lemma integrable_exp_neg_abs_moment:
  fixes b :: real
  assumes b: "0 < b"
  shows "integrable lborel (\<lambda>u. exp (- \<bar>u\<bar> / b) * \<bar>u\<bar> ^ k)"
proof -
  define E where "E u = erlang_density 0 (1 / b) u * u ^ k" for u
  have [measurable]: "E \<in> borel_measurable borel" unfolding E_def by measurable
  have E_nonneg: "0 \<le> E u" for u
    using b by (auto simp: E_def erlang_density_def)
  have int_E: "integrable lborel E"
    using nn_integral_erlang_ith_moment[of "1 / b" 0 k] b E_nonneg
    by (simp add: integrable_iff_bounded E_def)
  then have int_E_neg: "integrable lborel (\<lambda>u. E (- u))"
    using lborel_integrable_real_affine[of E "-1" 0] by simp
  have bound: "exp (- \<bar>u\<bar> / b) * \<bar>u\<bar> ^ k \<le> b * (E u + E (- u))" for u
  proof (cases "0 \<le> u")
    case True
    have "exp (- \<bar>u\<bar> / b) * \<bar>u\<bar> ^ k = b * E u"
      using True b by (simp add: E_def erlang_density_def field_simps)
    then show ?thesis using b E_nonneg[of "- u"] by simp
  next
    case False
    have "exp (- \<bar>u\<bar> / b) * \<bar>u\<bar> ^ k = b * E (- u)"
      using False b by (simp add: E_def erlang_density_def field_simps)
    then show ?thesis using b E_nonneg[of u] by simp
  qed
  have "integrable lborel (\<lambda>u. b * (E u + E (- u)))"
    using int_E int_E_neg by simp
  then show ?thesis
    by (rule Bochner_Integration.integrable_bound) (use bound b E_nonneg in auto)
qed

section \<open>The projections onto the hyperplane and the simplex\<close>

lemma closest_point_eqI:
  fixes S :: "'a::euclidean_space set"
  assumes "convex S" "closed S" "p \<in> S"
    and obtuse: "\<And>q. q \<in> S \<Longrightarrow> inner (y - p) (q - p) \<le> 0"
  shows "closest_point S y = p"
proof -
  have "dist y p \<le> dist y q" if "q \<in> S" for q
  proof -
    have "norm (y - q)^2 = norm (y - p)^2 - 2 * inner (y - p) (q - p) + norm (q - p)^2"
      by (simp add: power2_norm_eq_inner inner_diff_left inner_diff_right inner_commute)
    then have "norm (y - p)^2 \<le> norm (y - q)^2"
      using obtuse[OF that] by (smt (verit) zero_le_power2)
    then show ?thesis by (simp add: dist_norm power2_le_iff_abs_le)
  qed
  then show ?thesis using closest_point_unique[OF assms(1-3)] by auto
qed

lemma closed_K_S: "closed (K_S C :: (real ^ 'n) set)"
  unfolding K_S_def by (intro closed_Collect_eq continuous_intros)

lemma convex_K_S: "convex (K_S C :: (real ^ 'n) set)"
  unfolding K_S_def convex_def
  by (auto simp: sum.distrib sum_distrib_left[symmetric] distrib_right[symmetric])

lemma closed_K_Splus: "closed (K_Splus C :: (real ^ 'n) set)"
proof -
  have "K_Splus C = K_S C \<inter> (\<Inter>k. {v :: real ^ 'n. 0 \<le> v $ k})"
    unfolding K_Splus_def by auto
  then show ?thesis
    by (auto intro!: closed_Int closed_K_S closed_INT closed_Collect_le continuous_intros)
qed

lemma convex_K_Splus: "convex (K_Splus C :: (real ^ 'n) set)"
  unfolding K_Splus_def K_S_def convex_def
  by (auto simp: sum.distrib sum_distrib_left[symmetric] distrib_right[symmetric])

Exercise requirements. Give each line of the records above again, unchanged.

Output below.
lemma integrable_exp_neg_abs_moment:
  fixes b :: real
  assumes b: "0 < b"
  shows "integrable lborel (\<lambda>u. exp (- \<bar>u\<bar> / b) * \<bar>u\<bar> ^ k)"
proof -
  define E where "E u = erlang_density 0 (1 / b) u * u ^ k" for u
  have [measurable]: "E \<in> borel_measurable borel" unfolding E_def by measurable
  have E_nonneg: "0 \<le> E u" for u
    using b by (auto simp: E_def erlang_density_def)
  have int_E: "integrable lborel E"
    using nn_integral_erlang_ith_moment[of "1 / b" 0 k] b E_nonneg
    by (simp add: integrable_iff_bounded E_def)
  then have int_E_neg: "integrable lborel (\<lambda>u. E (- u))"
    using lborel_integrable_real_affine[of E "-1" 0] by simp
  have bound: "exp (- \<bar>u\<bar> / b) * \<bar>u\<bar> ^ k \<le> b * (E u + E (- u))" for u
  proof (cases "0 \<le> u")
    case True
    have "exp (- \<bar>u\<bar> / b) * \<bar>u\<bar> ^ k = b * E u"
      using True b by (simp add: E_def erlang_density_def field_simps)
    then show ?thesis using b E_nonneg[of "- u"] by simp
  next
    case False
    have "exp (- \<bar>u\<bar> / b) * \<bar>u\<bar> ^ k = b * E (- u)"
      using False b by (simp add: E_def erlang_density_def field_simps)
    then show ?thesis using b E_nonneg[of u] by simp
  qed
  have "integrable lborel (\<lambda>u. b * (E u + E (- u)))"
    using int_E int_E_neg by simp
  then show ?thesis
    by (rule Bochner_Integration.integrable_bound) (use bound b E_nonneg in auto)
qed

section \<open>The projections onto the hyperplane and the simplex\<close>

lemma closest_point_eqI:
  fixes S :: "'a::euclidean_space set"
  assumes "convex S" "closed S" "p \<in> S"
    and obtuse: "\<And>q. q \<in> S \<Longrightarrow> inner (y - p) (q - p) \<le> 0"
  shows "closest_point S y = p"
proof -
  have "dist y p \<le> dist y q" if "q \<in> S" for q
  proof -
    have "norm (y - q)^2 = norm (y - p)^2 - 2 * inner (y - p) (q - p) + norm (q - p)^2"
      by (simp add: power2_norm_eq_inner inner_diff_left inner_diff_right inner_commute)
    then have "norm (y - p)^2 \<le> norm (y - q)^2"
      using obtuse[OF that] by (smt (verit) zero_le_power2)
    then show ?thesis by (simp add: dist_norm power2_le_iff_abs_le)
  qed
  then show ?thesis using closest_point_unique[OF assms(1-3)] by auto
qed

lemma closed_K_S: "closed (K_S C :: (real ^ 'n) set)"
  unfolding K_S_def by (intro closed_Collect_eq continuous_intros)

lemma convex_K_S: "convex (K_S C :: (real ^ 'n) set)"
  unfolding K_S_def convex_def
  by (auto simp: sum.distrib sum_distrib_left[symmetric] distrib_right[symmetric])

lemma closed_K_Splus: "closed (K_Splus C :: (real ^ 'n) set)"
proof -
  have "K_Splus C = K_S C \<inter> (\<Inter>k. {v :: real ^ 'n. 0 \<le> v $ k})"
    unfolding K_Splus_def by auto
  then show ?thesis
    by (auto intro!: closed_Int closed_K_S closed_INT closed_Collect_le continuous_intros)
qed

lemma convex_K_Splus: "convex (K_Splus C :: (real ^ 'n) set)"
  unfolding K_Splus_def K_S_def convex_def
  by (auto simp: sum.distrib sum_distrib_left[symmetric] distrib_right[symmetric])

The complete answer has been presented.